Au Financial Times et à ses lecteurs, la vérité (en anglais) ; aux Français, une pathétique construction stylistique pour ne pas dire les choses.
Les mots restent toujours affaire de mensonges.
Droiche des Inconnus ou ri-lance de Lagarde, du pareil au même.
Sinon que les premiers, au moins, moquent et se moquent sans nous prendre pour des crétins : il est frappant de constater combien les pires comiques ne sont jamais ceux qui s’affichent comme tels.
Tu noteras, pourtant, que Christine n’est pas seule responsable.
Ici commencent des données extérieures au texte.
definition is_skew :: "('o,'m,'z) skewcat_scheme \<Rightarrow> bool" where
  "is_skew C \<longleftrightarrow>
   (let Ob = cobj C; Ar = carr C; dm = cdom C; cd = ccod C; cp = ccomp C; i = cid C;
        I = tunit C; t = tens C; tm = tensm C; l = lam C; r = rho C; a = alph C in
    is_category C \<and>
    I \<in> Ob \<and>
    (\<forall>x\<in>Ob. \<forall>y\<in>Ob. t x y \<in> Ob) \<and>
    (\<forall>f\<in>Ar. \<forall>g\<in>Ar. tm f g \<in> hom C (t (dm f) (dm g)) (t (cd f) (cd g))) \<and>
    (\<forall>x\<in>Ob. \<forall>y\<in>Ob. tm (i x) (i y) = i (t x y)) \<and>
    (\<forall>f\<in>Ar. \<forall>g\<in>Ar. \<forall>f'\<in>Ar. \<forall>g'\<in>Ar. dm g = cd f \<longrightarrow> dm g' = cd f' \<longrightarrow>
        tm (cp g f) (cp g' f') = cp (tm g g') (tm f f')) \<and>
    (\<forall>x\<in>Ob. l x \<in> hom C (t I x) x \<and> r x \<in> hom C x (t x I)) \<and>
    (\<forall>x\<in>Ob. \<forall>y\<in>Ob. \<forall>z\<in>Ob. a x y z \<in> hom C (t (t x y) z) (t x (t y z))) \<and>
    (\<forall>f\<in>Ar. cp f (l (dm f)) = cp (l (cd f)) (tm (i I) f)) \<and>
    (\<forall>f\<in>Ar. cp (tm f (i I)) (r (dm f)) = cp (r (cd f)) f) \<and>
    (\<forall>f\<in>Ar. \<forall>g\<in>Ar. \<forall>h\<in>Ar.
        cp (tm f (tm g h)) (a (dm f) (dm g) (dm h)) = cp (a (cd f) (cd g) (cd h)) (tm (tm f g) h)) \<and>
    cp (l I) (r I) = i I \<and>
    (\<forall>x\<in>Ob. \<forall>y\<in>Ob. cp (tm (i x) (l y)) (cp (a x I y) (tm (r x) (i y))) = i (t x y)) \<and>
    (\<forall>x\<in>Ob. \<forall>y\<in>Ob. cp (l (t x y)) (a I x y) = tm (l x) (i y)) \<and>
    (\<forall>x\<in>Ob. \<forall>y\<in>Ob. cp (a x y I) (r (t x y)) = tm (i x) (r y)) \<and>
    (\<forall>x\<in>Ob. \<forall>y\<in>Ob. \<forall>z\<in>Ob. \<forall>w\<in>Ob.
        cp (tm (i x) (a y z w)) (cp (a x (t y z) w) (tm (a x y z) (i w)))
        = cp (a x y (t z w)) (a (t x y) z w)))"

definition is_monoid :: "('o,'m,'z) skewcat_scheme \<Rightarrow> 'o \<Rightarrow> 'm \<Rightarrow> 'm \<Rightarrow> bool" where
  "is_monoid C T e m \<longleftrightarrow>
   (let cp = ccomp C; i = cid C; tm = tensm C in
    T \<in> cobj C \<and> e \<in> hom C (tunit C) T \<and> m \<in> hom C (tens C T T) T \<and>
    cp m (tm e (i T)) = lam C T \<and>
    cp m (cp (tm (i T) e) (rho C T)) = i T \<and>
    cp m (tm m (i T)) = cp m (cp (tm (i T) m) (alph C T T T)))"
Et que les médias reprenant, sans ri-re et avec sérieux, ce très absurde concept pondu par la ministre de l’Économie portent eux-aussi une large part de culpabilité.
Ceux qui seraient censés décrypter mots et discours ne le font pas.
Et préfèrent louer les immenses qualités de la reine de Bercy - à l’image de ce très long et inepte papier paru le 26 juin dans Le Monde 2, Christine Lagarde au sommet : scandaleuse déclaration d’amour à la ministre de l’Économie, sans esprit critique ni distance, l’article est en sus incroyablement plat et ennuyeux4.
Propagande et mensonge : tout est dit.
Et ça ne me fait - finalement - même plus ri-goler.
1 (Private réglement de compte) Et cela aura aussi - par delà la caricature - le mérite de rappeler à certains combien, à trop prendre les prétendues recettes des pubards au sérieux, on court le risque de transformer une cohorte de ridicules et dévoyés satrapes en professionnels efficaces et influents, de leur donner de cette essence qu’ils ne parviendraient jamais à acquérir seuls. C’est un peu comme considérer que Gilbert Montagné est un grand compositeur : c’est rigolo, ça amuse tout le monde, mais il y a un moment où il faut arrêter de prendre de pathétiques vessies pour de conséquentes lanternes. (Eheh…)
2 Un mensonge permanent qu’on mettra en parallèle avec la relative honnêteté du Premier ministre anglais : si les politiques menées en France ou en Angleterre seront les mêmes, il n’y a qu’outre-Manche que le pouvoir politique a eu la décence de jouer carte sur table, David Cameron annonçant (lui) des années de « souffrance » pour le peuple britannique.
3 « Nous devons en faire davantage évidemment, beaucoup plus »
4 Note que Le Monde 2 n’en est pas à son coup d’essai, magazine qui faisait paraître, quelques semaines avant, un tout aussi long et louangeur papier à propos de Laurence Parisot ; j’en parlais ICI. À l’évidence, le titre a résolument choisi son camp.